Output, word for word, the lines of this listing that fall between the line with "by (rule prod.neutral)" and the line with "using that by (auto simp: poly_sum)", counting both of those lines, and no others.

LISTED ENTRIES |

━━━━

(* Let $\epsilon>0$ and let $C,D$ be symmetric positive-definite $n\times n$ matrices. Then $$\frac4\epsilon D^{1/2}\left(I+\left(I+\frac{16}{\epsilon^2}D^{1/2}CD^{1/2}\right)^{1/2}\right)^{-1}D^{1/2}=I-\frac\epsilon4C^{-1/2}\left(I+\frac4\epsilon C-\left(I+\frac{16}{\epsilon^2}C^{1/2}DC^{1/2}\right)^{1/2}\right)C^{-1/2}.$$
   Context: Square roots of symmetric positive-definite matrices are the principal (symmetric positive-definite) square roots. *)

theory Defs
  imports "HOL-Analysis.Analysis"
begin

definition sym_matrix :: "real^'n^'n \<Rightarrow> bool" where
  "sym_matrix A \<longleftrightarrow> transpose A = A"

definition pos_def :: "real^'n^'n \<Rightarrow> bool" where
  "pos_def A \<longleftrightarrow> sym_matrix A \<and> (\<forall>x. x \<noteq> 0 \<longrightarrow> x \<bullet> (A *v x) > 0)"

definition matrix_sqrt :: "real^'n^'n \<Rightarrow> real^'n^'n" where
  "matrix_sqrt A = (THE B. pos_def B \<and> B ** B = A)"

end

theory Submission
  imports Defs
begin

(*
  Write a = 4/eps, R = C^(1/2), T = a D^(1/2), P = (I + T C T)^(1/2) and K = (I + P)^(-1).
  Since P^2 - I = (I + P)(P - I), we get K (T C T) K = (P - I) K, hence 2K + K (T C T) K = I,
  so Y = T K T solves 2Y + Y C Y = T^2 = a^2 D.  Therefore Q = I + R Y R is positive definite with
  Q^2 = I + R (2Y + Y C Y) R = I + a^2 R D R, i.e. Q is the square root on the right-hand side.
  Substituting it, the right-hand side collapses to (1/a) Y = a D^(1/2) K D^(1/2), the left-hand side.
  Existence and uniqueness of principal square roots rest on the spectral theorem for symmetric
  matrices, obtained by maximising the Rayleigh quotient on invariant subspaces.
*)

lemma matrix_add_rdistrib: "(A + B) ** C = A ** C + B ** C"
  by (vector matrix_matrix_mult_def sum.distrib[symmetric] field_simps)
text \<open>Away from the points where \<open>|f| = M\<close> and \<open>p\<close> pushes \<open>f\<close> towards \<open>0\<close>, \<open>|f|\<close> stays below
  some \<open>M' < M\<close> by compactness; there a small step keeps \<open>|f - \<epsilon> p| < M\<close>, and elsewhere the step
  goes towards \<open>0\<close> by less than \<open>|f|\<close>.\<close>
lemma perturbation_below_sup:
  fixes f p :: "'a::metric_space \<Rightarrow> real"
  assumes "compact S" "continuous_on S f" "continuous_on S p" "0 < M"
    and bound: "\<forall>x\<in>S. \<bar>f x\<bar> \<le> M" and extremal: "\<forall>x\<in>S. \<bar>f x\<bar> = M \<longrightarrow> p x * f x > 0"
  shows "\<exists>\<epsilon>>0. \<forall>x\<in>S. \<bar>f x - \<epsilon> * p x\<bar> < M"
proof -
  obtain P where "P > 0" and P: "\<forall>x\<in>S. \<bar>p x\<bar> \<le> P"
    using compact_imp_bounded[OF compact_continuous_image[OF assms(3,1)]]
    by (auto simp: bounded_pos)
  define K where "K = {x\<in>S. \<bar>f x\<bar> \<le> M / 2} \<union> {x\<in>S. p x * f x \<le> 0}"
  have "closed K"
    unfolding K_def using compact_imp_closed[OF assms(1)] assms(2,3)
    by (intro closed_Un continuous_on_closed_Collect_le continuous_intros) auto
  moreover have "S \<inter> K = K"
    by (auto simp: K_def)
  ultimately have "compact K"
    using compact_Int_closed[OF assms(1)] by metis
  moreover have "continuous_on K (\<lambda>x. \<bar>f x\<bar>)"
    using assms(2) by (intro continuous_intros) (auto simp: K_def intro: continuous_on_subset)
  moreover have "\<forall>x\<in>K. \<bar>f x\<bar> < M"
    using bound extremal \<open>0 < M\<close> by (force simp: K_def)
  ultimately obtain M' where "M' < M" and M': "\<forall>x\<in>K. \<bar>f x\<bar> \<le> M'"
    by (rule continuous_on_compact_below)
  define \<epsilon> where "\<epsilon> = min M (M - M') / (2 * P)"
  have "\<epsilon> > 0"
    using \<open>0 < M\<close> \<open>M' < M\<close> \<open>P > 0\<close> by (simp add: \<epsilon>_def)
  have small: "\<bar>\<epsilon> * p x\<bar> \<le> min M (M - M') / 2" if "x \<in> S" for x
  proof -
    have "\<bar>\<epsilon> * p x\<bar> \<le> \<epsilon> * P"
      using P that \<open>\<epsilon> > 0\<close> by (simp add: abs_mult mult_left_mono)
    also have "\<dots> = min M (M - M') / 2"
      using \<open>P > 0\<close> by (simp add: \<epsilon>_def)
    finally show ?thesis .
  qed
  have "\<bar>f x - \<epsilon> * p x\<bar> < M" if "x \<in> S" for x
  proof (cases "x \<in> K")
    case True
    then show ?thesis
      using small[OF that] M'[rule_format, OF True] \<open>M' < M\<close>
        abs_triangle_ineq4[of "f x" "\<epsilon> * p x"] min.cobounded2[of M "M - M'"] by argo
  next
    case False
    define e where "e = \<epsilon> * p x"
    have "\<bar>f x\<bar> > M / 2" "e * f x > 0" "\<bar>e\<bar> \<le> M / 2" "\<bar>f x\<bar> \<le> M"
      using False that \<open>\<epsilon> > 0\<close> small[OF that] bound by (auto simp: K_def e_def mult.assoc)
    then show ?thesis
      unfolding e_def[symmetric] by (auto simp: abs_if zero_less_mult_iff)
  qed
  with \<open>\<epsilon> > 0\<close> show ?thesis
    by blast
qed

lemma minimizer_pos_on_right:
  assumes "0 < \<beta>" "\<beta> < 1" "1 \<le> t" "f \<in> Pt' t"
    and opt: "\<forall>g\<in>Pt' t. objective \<alpha> \<beta> f \<le> objective \<alpha> \<beta> g"
  shows "\<forall>u\<in>{\<beta>..1}. poly f u > 0"
proof -
  have "[:0, 1:] \<in> Pt' t"
    using assms(3) by (simp add: Pt'_def)
  moreover have "\<beta> \<le> min_abs_on [:0, 1:] \<beta> 1"
    unfolding min_abs_on_def using assms(1,2) by (intro cINF_greatest) auto
  ultimately have "objective \<alpha> \<beta> f < \<infinity>"
    using opt assms(1) by (force simp: objective_def)
  then have "min_abs_on f \<beta> 1 \<noteq> 0"
    by (auto simp: objective_def)
  moreover obtain x where "min_abs_on f \<beta> 1 = \<bar>poly f x\<bar>"
    and min: "\<forall>u\<in>{\<beta>..1}. min_abs_on f \<beta> 1 \<le> \<bar>poly f u\<bar>"
    using min_abs_on_attained[of \<beta> 1 f] assms(2) by auto
  ultimately have nonzero: "poly f u \<noteq> 0" if "u \<in> {\<beta>..1}" for u
    using that by fastforce
  have "poly f u * poly f 1 > 0" if "u \<in> {\<beta>..1}" for u
    using that nonzero by (intro poly_same_sign_if_no_root) auto
  moreover have "poly f 1 = 1"
    using \<open>f \<in> Pt' t\<close> by (simp add: Pt'_def)
  ultimately show ?thesis
    by simp
qed
lemma lagrange_interpolation:
  fixes \<kappa> :: "'a::finite \<Rightarrow> 'b::field" and p :: "'b poly"
  assumes inj: "inj \<kappa>" and deg: "degree p < CARD('a)"
  shows "poly p z = (\<Sum>j\<in>UNIV. poly p (\<kappa> j) * (\<Prod>k\<in>UNIV-{j}. (z - \<kappa> k) / (\<kappa> j - \<kappa> k)))"
proof -
  define L where "L j = smult (poly p (\<kappa> j) / (\<Prod>k\<in>UNIV-{j}. \<kappa> j - \<kappa> k))
      (\<Prod>k\<in>UNIV-{j}. [:- \<kappa> k, 1:])" for j
  have poly_L:
    "poly (L j) x = poly p (\<kappa> j) * (\<Prod>k\<in>UNIV-{j}. (x - \<kappa> k) / (\<kappa> j - \<kappa> k))" for j x
    unfolding L_def by (simp add: poly_prod prod_dividef)
  have deg_L: "degree (L j) < CARD('a)" for j
    unfolding L_def by (rule le_less_trans[OF degree_smult_le degree_prod_linear_less_card])
  have "poly (L j) (\<kappa> i) = (if j = i then poly p (\<kappa> i) else 0)" for i j
  proof (cases "j = i")
    case True
    have "(\<Prod>k\<in>UNIV-{i}. (\<kappa> i - \<kappa> k) / (\<kappa> i - \<kappa> k)) = 1"
      by (rule prod.neutral) (use inj in \<open>auto simp: inj_def\<close>)
    with True show ?thesis by (simp add: poly_L)
  next
    case False
    then have "(\<Prod>k\<in>UNIV-{j}. (\<kappa> i - \<kappa> k) / (\<kappa> j - \<kappa> k)) = 0"
      by (intro prod_zero) auto
    with False show ?thesis by (simp add: poly_L)
  qed
  then have "poly p x = poly (\<Sum>j\<in>UNIV. L j) x" if "x \<in> range \<kappa>" for x
    using that by (auto simp: poly_sum)
  moreover have "card (range \<kappa>) = CARD('a)"
    using inj by (simp add: card_image)
  ultimately have "p = (\<Sum>j\<in>UNIV. L j)"
    using deg deg_L by (intro poly_eqI_degree[of "range \<kappa>"] degree_sum_less) auto
  then have "poly p z = (\<Sum>j\<in>UNIV. poly (L j) z)"
    by (simp only: poly_sum)
  then show ?thesis
    by (simp only: poly_L)
qed

lemma lagrange_interpolation_reciprocal:
  fixes \<kappa> :: "'a::finite \<Rightarrow> 'b::field" and p :: "'b poly"
  assumes inj: "inj \<kappa>" and deg: "degree p < CARD('a)" and "w \<noteq> 0"
  shows "(\<Sum>j\<in>UNIV. poly p (\<kappa> j) * (\<Prod>k\<in>UNIV-{j}. (1 - \<kappa> k * w) / (\<kappa> k - \<kappa> j)))
       = (- w) ^ (CARD('a) - 1) * poly p (1 / w)"
proof -
  have "(\<Prod>k\<in>UNIV-{j}. (1 - \<kappa> k * w) / (\<kappa> k - \<kappa> j))
      = (- w) ^ (CARD('a) - 1) * (\<Prod>k\<in>UNIV-{j}. (1 / w - \<kappa> k) / (\<kappa> j - \<kappa> k))" for j
  proof -
    have "(\<Prod>k\<in>UNIV-{j}. (1 - \<kappa> k * w) / (\<kappa> k - \<kappa> j))
        = (\<Prod>k\<in>UNIV-{j}. (- w) * ((1 / w - \<kappa> k) / (\<kappa> j - \<kappa> k)))"
    proof (rule prod.cong[OF refl])
      fix k assume "k \<in> UNIV - {j}"
      then have "\<kappa> k - \<kappa> j \<noteq> 0" using inj by (auto simp: inj_def)
      with \<open>w \<noteq> 0\<close>
      show "(1 - \<kappa> k * w) / (\<kappa> k - \<kappa> j) = (- w) * ((1 / w - \<kappa> k) / (\<kappa> j - \<kappa> k))"
        by (simp add: field_simps)
    qed
    also have "\<dots> = (- w) ^ (CARD('a) - 1) * (\<Prod>k\<in>UNIV-{j}. (1 / w - \<kappa> k) / (\<kappa> j - \<kappa> k))"
      by (simp only: prod.distrib prod_constant) (simp add: card_Diff_singleton)
    finally show ?thesis .
  qed
  then show ?thesis
    by (simp add: lagrange_interpolation[OF inj deg, of "1 / w"] sum_distrib_left ac_simps)
qed

lemma prod_one_minus_inverse_scaled:
  fixes c :: "'a::finite \<Rightarrow> 'b::field"
  assumes "w \<noteq> 0"
  shows "(- w) ^ (CARD('a) - 1) * (\<Prod>l\<in>UNIV-{m}. 1 - 1 / w * c l) = (\<Prod>l\<in>UNIV-{m}. c l - w)"
proof -
  have "(- w) ^ (CARD('a) - 1) * (\<Prod>l\<in>UNIV-{m}. 1 - 1 / w * c l)
      = (\<Prod>l\<in>UNIV-{m}. (- w) * (1 - 1 / w * c l))"
    by (simp only: prod.distrib prod_constant) (simp add: card_Diff_singleton)
  also have "\<dots> = (\<Prod>l\<in>UNIV-{m}. c l - w)"
    using assms by (intro prod.cong) (simp_all add: field_simps)
  finally show ?thesis .
qed

lemma cauchy_like_matrix_inverse:
  fixes \<omega> \<kappa> \<beta> :: "'a::finite \<Rightarrow> real"
  assumes inj_\<omega>: "inj \<omega>" and inj_\<kappa>: "inj \<kappa>" and \<omega>_nz: "\<omega> i \<noteq> 0"
    and \<kappa>_nz: "\<And>j. \<kappa> j \<noteq> 0" and \<beta>_nz: "\<beta> i \<noteq> 0" and nondeg: "\<And>j. 1 - \<kappa> j * \<omega> m \<noteq> 0"
  shows "(\<Sum>j\<in>UNIV. (1 - \<kappa> j * \<omega> i) / (\<beta> i * \<kappa> j)
        * (\<Prod>k\<in>UNIV - {j}. (1 - \<kappa> k * \<omega> i) / (\<kappa> k - \<kappa> j))
        * (\<Prod>l\<in>UNIV - {i}. (1 - \<kappa> j * \<omega> l) / (\<omega> l - \<omega> i))
        * (\<beta> m * \<kappa> j / (1 - \<kappa> j * \<omega> m))) = (if m = i then 1 else 0)"
proof -
  define p where "p = (\<Prod>l\<in>UNIV-{m}. [:1, - \<omega> l:])"
  define D where "D = (\<Prod>l\<in>UNIV-{i}. \<omega> l - \<omega> i)"
  define L where "L j = (\<Prod>k\<in>UNIV - {j}. (1 - \<kappa> k * \<omega> i) / (\<kappa> k - \<kappa> j))" for j
  have poly_p: "poly p x = (\<Prod>l\<in>UNIV-{m}. 1 - x * \<omega> l)" for x
    by (simp add: p_def poly_prod)
  have deg_p: "degree p < CARD('a)"
    unfolding p_def by (rule degree_prod_linear_less_card)
  have D_nz: "D \<noteq> 0"
    using inj_\<omega> by (auto simp: D_def inj_def)
  txt \<open>Clearing denominators exhibits the \<open>j\<close>-th term as the \<open>j\<close>-th Lagrange term of
    \<open>p(x) = \<Prod>\<^sub>l\<^sub>\<noteq>\<^sub>m (1 - x \<omega>\<^sub>l)\<close> at \<open>1 / \<omega>\<^sub>i\<close>, up to a factor independent of \<open>j\<close>.\<close>
  have summand: "(1 - \<kappa> j * \<omega> i) / (\<beta> i * \<kappa> j) * L j
        * (\<Prod>l\<in>UNIV - {i}. (1 - \<kappa> j * \<omega> l) / (\<omega> l - \<omega> i))
        * (\<beta> m * \<kappa> j / (1 - \<kappa> j * \<omega> m))
      = \<beta> m / (\<beta> i * D) * (poly p (\<kappa> j) * L j)" for j
  proof -
    have factor: "(1 - \<kappa> j * \<omega> i) * (\<Prod>l\<in>UNIV - {i}. 1 - \<kappa> j * \<omega> l)
        = (1 - \<kappa> j * \<omega> m) * poly p (\<kappa> j)"
      unfolding poly_p
      using prod.remove[of UNIV i "\<lambda>l. 1 - \<kappa> j * \<omega> l"]
        prod.remove[of UNIV m "\<lambda>l. 1 - \<kappa> j * \<omega> l"]
      by simp
    have "(1 - \<kappa> j * \<omega> i) / (\<beta> i * \<kappa> j) * L j
        * (\<Prod>l\<in>UNIV - {i}. (1 - \<kappa> j * \<omega> l) / (\<omega> l - \<omega> i))
        * (\<beta> m * \<kappa> j / (1 - \<kappa> j * \<omega> m))
      = \<beta> m / (\<beta> i * D) * L j
        * ((1 - \<kappa> j * \<omega> i) * (\<Prod>l\<in>UNIV - {i}. 1 - \<kappa> j * \<omega> l) / (1 - \<kappa> j * \<omega> m))"
      using \<kappa>_nz[of j] by (simp add: D_def prod_dividef)
    also have "\<dots> = \<beta> m / (\<beta> i * D) * (poly p (\<kappa> j) * L j)"
      unfolding factor using nondeg[of j] by simp
    finally show ?thesis .
  qed
  have "(\<Sum>j\<in>UNIV. (1 - \<kappa> j * \<omega> i) / (\<beta> i * \<kappa> j)
        * (\<Prod>k\<in>UNIV - {j}. (1 - \<kappa> k * \<omega> i) / (\<kappa> k - \<kappa> j))
        * (\<Prod>l\<in>UNIV - {i}. (1 - \<kappa> j * \<omega> l) / (\<omega> l - \<omega> i))
        * (\<beta> m * \<kappa> j / (1 - \<kappa> j * \<omega> m)))
      = (\<Sum>j\<in>UNIV. \<beta> m / (\<beta> i * D) * (poly p (\<kappa> j) * L j))"
    by (simp only: L_def[symmetric] summand)
  also have "\<dots> = \<beta> m / (\<beta> i * D) * (\<Prod>l\<in>UNIV-{m}. \<omega> l - \<omega> i)"
    using lagrange_interpolation_reciprocal[OF inj_\<kappa> deg_p \<omega>_nz]
      prod_one_minus_inverse_scaled[OF \<omega>_nz, of \<omega> m]
    unfolding sum_distrib_left[symmetric] by (simp add: L_def poly_p)
  also have "\<dots> = (if m = i then 1 else 0)"
    using \<beta>_nz D_nz by (auto simp: D_def intro!: prod_zero bexI[of _ i])
  finally show ?thesis .
qed
(* (a) (Cochain version) Let $A=(P(V),d_A)$ be a 1-connected minimal quasi-free cochain $P$-algebra and let $B$ be a cochain $P$-algebra whose cohomology is concentrated in degrees $\leq n$. Then every cochain $P$-algebra map $f_{n-1}\colon A_{n-1}\to B$ extends to a cochain $P$-algebra map $f_n\colon A_n\to B$. (b) (Chain version) Let $A=(P(V),d_A)$ be a 1-connected minimal quasi-free chain $P$-algebra and let $B$ be a chain $P$-algebra whose homology is concentrated in degrees $\leq n$. Then every chain $P$-algebra map $f_{n+1}\colon A_{n+1}\to B$ extends to a chain $P$-algebra map $f_{n+2}\colon A_{n+2}\to B$.
   Context: Fix a field $k$ of characteristic zero and an operad $P$ in $k$-vector spaces (viewed in degree $0$) with $P(1)=k$ and either $P(0)=k$ or $P(0)=0$. Cochain algebras have differential of degree $+1$, chain algebras of degree $-1$; the degree-$m$ part of $C$ is written $C^m$. A cochain $P$-algebra is 1-connected if concentrated in non-negative degrees with $A^0=P(0)$ and $A^1=0$; a chain $P$-algebra is 1-connected if concentrated in non-negative homological degrees with $A^0=P(0)$. Quasi-free means the underlying graded $P$-algebra is free $P(V)=\bigoplus_iP(i)\otimes_{k[\Sigma_i]}V^{\otimes i}$. A 1-connected quasi-free $(P(V),d)$ is minimal if $d(V)\subset\bigoplus_{i\geq2}P(i)\otimes_{k[\Sigma_i]}V^{\otimes i}$. $A_m$ denotes the subalgebra $(P(V^{\leq m}),d|_{P(V^{\leq m})})$. *)

theory Defs
  imports Main "HOL.Vector_Spaces" "HOL-Combinatorics.Permutations"
begin

definition lin_subspace :: "('k \<Rightarrow> 'v \<Rightarrow> 'v) \<Rightarrow> 'v::ab_group_add set \<Rightarrow> bool" where
  "lin_subspace sc S \<longleftrightarrow> 0 \<in> S \<and> (\<forall>x\<in>S. \<forall>y\<in>S. x + y \<in> S) \<and> (\<forall>c. \<forall>x\<in>S. sc c x \<in> S)"

definition lspan :: "('k \<Rightarrow> 'v \<Rightarrow> 'v) \<Rightarrow> 'v::ab_group_add set \<Rightarrow> 'v set" where
  "lspan sc S = {x. \<exists>cs ys. set ys \<subseteq> S \<and> length cs = length ys \<and>
                      x = (\<Sum>i<length ys. sc (cs ! i) (ys ! i))}"

definition ksign :: "int \<Rightarrow> 'k::field" where
  "ksign i = (if even i then 1 else -1)"

definition plist :: "(nat \<Rightarrow> nat) \<Rightarrow> 'x list \<Rightarrow> 'x list" where
  "plist r xs = map (\<lambda>i. xs ! r i) [0..<length xs]"

definition offs :: "nat list \<Rightarrow> nat \<Rightarrow> nat" where
  "offs ks j = sum_list (take j ks)"

definition blk :: "nat list \<Rightarrow> nat \<Rightarrow> nat" where
  "blk ks p = (LEAST b. p < offs ks (Suc b))"

text \<open>Block permutation induced by r on blocks of sizes ks.\<close>
definition blk_perm :: "nat list \<Rightarrow> (nat \<Rightarrow> nat) \<Rightarrow> nat \<Rightarrow> nat" where
  "blk_perm ks r p = (let ks' = plist r ks; b = blk ks' p in offs ks (r b) + (p - offs ks' b))"
(* Let $S$ be a linear relation in $\mathfrak H$ with numerical range $\mathcal W(S)=\{0\}$ (equivalently, $(\varphi',\varphi)=0$ for all $\{\varphi,\varphi'\}\in S$, i.e. $\mathrm{dom}\,S\perp\mathrm{ran}\,S$). Then $S$ is nonnegative, its Friedrichs extension is $S_{\rm F}=\overline{\mathrm{dom}}\,S\times\mathrm{mul}\,S^*$, and its Kreĭn type extension at $0$ is $S_{{\rm K},0}=\ker S^*\times\overline{\mathrm{ran}}\,S$.
   Context: Linear relations in $\mathfrak H$ are linear subspaces of $\mathfrak H\times\mathfrak H$; $\mathrm{dom},\mathrm{ran},\ker T=\{f:\{f,0\}\in T\},\mathrm{mul}\,T=\{g:\{0,g\}\in T\}$; $T^*$ adjoint, $T^{**}$ closure, products $RT=\{\{f,h\}:\exists g,\{f,g\}\in T,\{g,h\}\in R\}$. Numerical range $\mathcal W(S)=\{(\varphi',\varphi):\{\varphi,\varphi'\}\in S,\|\varphi\|=1\}$ (and $\{0\}$ if $\mathrm{dom}\,S=\{0\}$). For a nonnegative relation $S$, $\mathfrak t(S)[\varphi,\psi]=(\varphi',\psi)$ on $\mathrm{dom}\,S$; a representing map for $\mathfrak t(S)$ (with $c=0$) is a linear operator $Q$ into a Hilbert space with $\mathrm{dom}\,Q=\mathrm{dom}\,S$ and $\mathfrak t(S)[\varphi,\psi]=(Q\varphi,Q\psi)$; companion relation $J=\{\{Q\varphi,\varphi'\}:\{\varphi,\varphi'\}\in S\}$. Friedrichs extension $S_{\rm F}=Q^*Q^{**}$ and Kreĭn type extension $S_{{\rm K},0}=J^{**}J^*$ (both independent of the choice of $Q$). *)

theory Defs
  imports "HOL-Analysis.Analysis"
begin

class complex_vector = real_vector +
  fixes scaleC :: "complex \<Rightarrow> 'a \<Rightarrow> 'a" (infixr \<open>*\<^sub>C\<close> 75)
  assumes scaleC_add_right: "a *\<^sub>C (x + y) = a *\<^sub>C x + a *\<^sub>C y"
    and scaleC_add_left: "(a + b) *\<^sub>C x = a *\<^sub>C x + b *\<^sub>C x"
    and scaleC_scaleC: "a *\<^sub>C (b *\<^sub>C x) = (a * b) *\<^sub>C x"
    and scaleC_one: "1 *\<^sub>C x = x"
    and scaleR_scaleC: "r *\<^sub>R x = complex_of_real r *\<^sub>C x"

class complex_inner = complex_vector + real_normed_vector +
  fixes cinner :: "'a \<Rightarrow> 'a \<Rightarrow> complex"
  assumes cinner_commute: "cinner x y = cnj (cinner y x)"
    and cinner_add_left: "cinner (x + y) z = cinner x z + cinner y z"
    and cinner_scaleC_left: "cinner (a *\<^sub>C x) y = a * cinner x y"
    and cinner_self_real: "Im (cinner x x) = 0"
    and cinner_self_nonneg: "0 \<le> Re (cinner x x)"
    and cinner_self_eq_zero: "cinner x x = 0 \<longleftrightarrow> x = 0"
    and norm_eq_sqrt_cinner: "norm x = sqrt (Re (cinner x x))"

class chilbert_space = complex_inner + complete_space


text \<open>Sanity check: the classes are inhabited (\<open>\<complex>\<close> is a complex Hilbert space).\<close>
instantiation complex :: chilbert_space
begin
definition scaleC_complex :: "complex \<Rightarrow> complex \<Rightarrow> complex" where "scaleC_complex a x = a * x"
definition cinner_complex :: "complex \<Rightarrow> complex \<Rightarrow> complex" where "cinner_complex x y = x * cnj y"
instance
proof
  fix x y z :: complex and a b :: complex and r :: real
  show "a *\<^sub>C (x + y) = a *\<^sub>C x + a *\<^sub>C y" "(a + b) *\<^sub>C x = a *\<^sub>C x + b *\<^sub>C x"
    "a *\<^sub>C (b *\<^sub>C x) = (a * b) *\<^sub>C x" "1 *\<^sub>C x = x" "r *\<^sub>R x = complex_of_real r *\<^sub>C x"
    by (simp_all add: scaleC_complex_def algebra_simps scaleR_conv_of_real)
  show "cinner x y = cnj (cinner y x)" "cinner (x + y) z = cinner x z + cinner y z"
    "cinner (a *\<^sub>C x) y = a * cinner x y" "Im (cinner x x) = 0"
    by (simp_all add: cinner_complex_def scaleC_complex_def algebra_simps)
  show "0 \<le> Re (cinner x x)"
    by (simp add: cinner_complex_def complex_mult_cnj)
  show "cinner x x = 0 \<longleftrightarrow> x = 0"
    by (simp add: cinner_complex_def)
  show "norm x = sqrt (Re (cinner x x))"
    by (simp add: cinner_complex_def complex_mult_cnj cmod_def power2_eq_square)
qed
end

definition linear_rel :: "('a::complex_vector \<times> 'b::complex_vector) set \<Rightarrow> bool" where
  "linear_rel T \<longleftrightarrow> (0, 0) \<in> T \<and>
     (\<forall>f g f' g'. (f, g) \<in> T \<longrightarrow> (f', g') \<in> T \<longrightarrow> (f + f', g + g') \<in> T) \<and>
     (\<forall>c f g. (f, g) \<in> T \<longrightarrow> (c *\<^sub>C f, c *\<^sub>C g) \<in> T)"

definition rdom :: "('a \<times> 'b) set \<Rightarrow> 'a set" where
  "rdom T = {f. \<exists>g. (f, g) \<in> T}"

definition rran :: "('a \<times> 'b) set \<Rightarrow> 'b set" where
  "rran T = {g. \<exists>f. (f, g) \<in> T}"

definition rker :: "('a \<times> 'b::zero) set \<Rightarrow> 'a set" where
  "rker T = {f. (f, 0) \<in> T}"

definition rmul :: "('a::zero \<times> 'b) set \<Rightarrow> 'b set" where
  "rmul T = {g. (0, g) \<in> T}"

definition radj :: "('a::complex_inner \<times> 'b::complex_inner) set \<Rightarrow> ('b \<times> 'a) set" where
  "radj T = {(h, k). \<forall>f g. (f, g) \<in> T \<longrightarrow> cinner g h = cinner f k}"

text \<open>Product \<open>R T\<close>: first \<open>T\<close>, then \<open>R\<close>.\<close>
definition rprod :: "('b \<times> 'c) set \<Rightarrow> ('a \<times> 'b) set \<Rightarrow> ('a \<times> 'c) set" where
  "rprod R T = {(f, h). \<exists>g. (f, g) \<in> T \<and> (g, h) \<in> R}"

definition numrange :: "('a::complex_inner \<times> 'a) set \<Rightarrow> complex set" where
  "numrange S = (if rdom S = {0} then {0}
     else {cinner \<phi>' \<phi> | \<phi> \<phi>'. (\<phi>, \<phi>') \<in> S \<and> norm \<phi> = 1})"

definition nonneg_rel :: "('a::complex_inner \<times> 'a) set \<Rightarrow> bool" where
  "nonneg_rel S \<longleftrightarrow> (\<forall>\<phi> \<phi>'. (\<phi>, \<phi>') \<in> S \<longrightarrow> Im (cinner \<phi>' \<phi>) = 0 \<and> 0 \<le> Re (cinner \<phi>' \<phi>))"

definition tform :: "('a::complex_inner \<times> 'a) set \<Rightarrow> 'a \<Rightarrow> 'a \<Rightarrow> complex" where
  "tform S \<phi> \<psi> = cinner (SOME \<phi>'. (\<phi>, \<phi>') \<in> S) \<psi>"

text \<open>Representing map (lower bound \<open>c = 0\<close>): a linear operator \<open>Q\<close> with domain \<open>dom S\<close>
  into a Hilbert space, given by a function on \<open>dom S\<close>; its graph is \<open>op_graph S Q\<close>.\<close>
definition op_graph :: "('a \<times> 'a) set \<Rightarrow> ('a \<Rightarrow> 'b) \<Rightarrow> ('a \<times> 'b) set" where
  "op_graph S Q = {(\<phi>, Q \<phi>) | \<phi>. \<phi> \<in> rdom S}"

━━━━

TASK SOLUTION |
      by (rule prod.neutral) (use inj in \<open>auto simp: inj_def\<close>)
    with True show ?thesis by (simp add: poly_L)
  next
    case False
    then have "(\<Prod>k\<in>UNIV-{j}. (\<kappa> i - \<kappa> k) / (\<kappa> j - \<kappa> k)) = 0"
      by (intro prod_zero) auto
    with False show ?thesis by (simp add: poly_L)
  qed
  then have "poly p x = poly (\<Sum>j\<in>UNIV. L j) x" if "x \<in> range \<kappa>" for x
    using that by (auto simp: poly_sum)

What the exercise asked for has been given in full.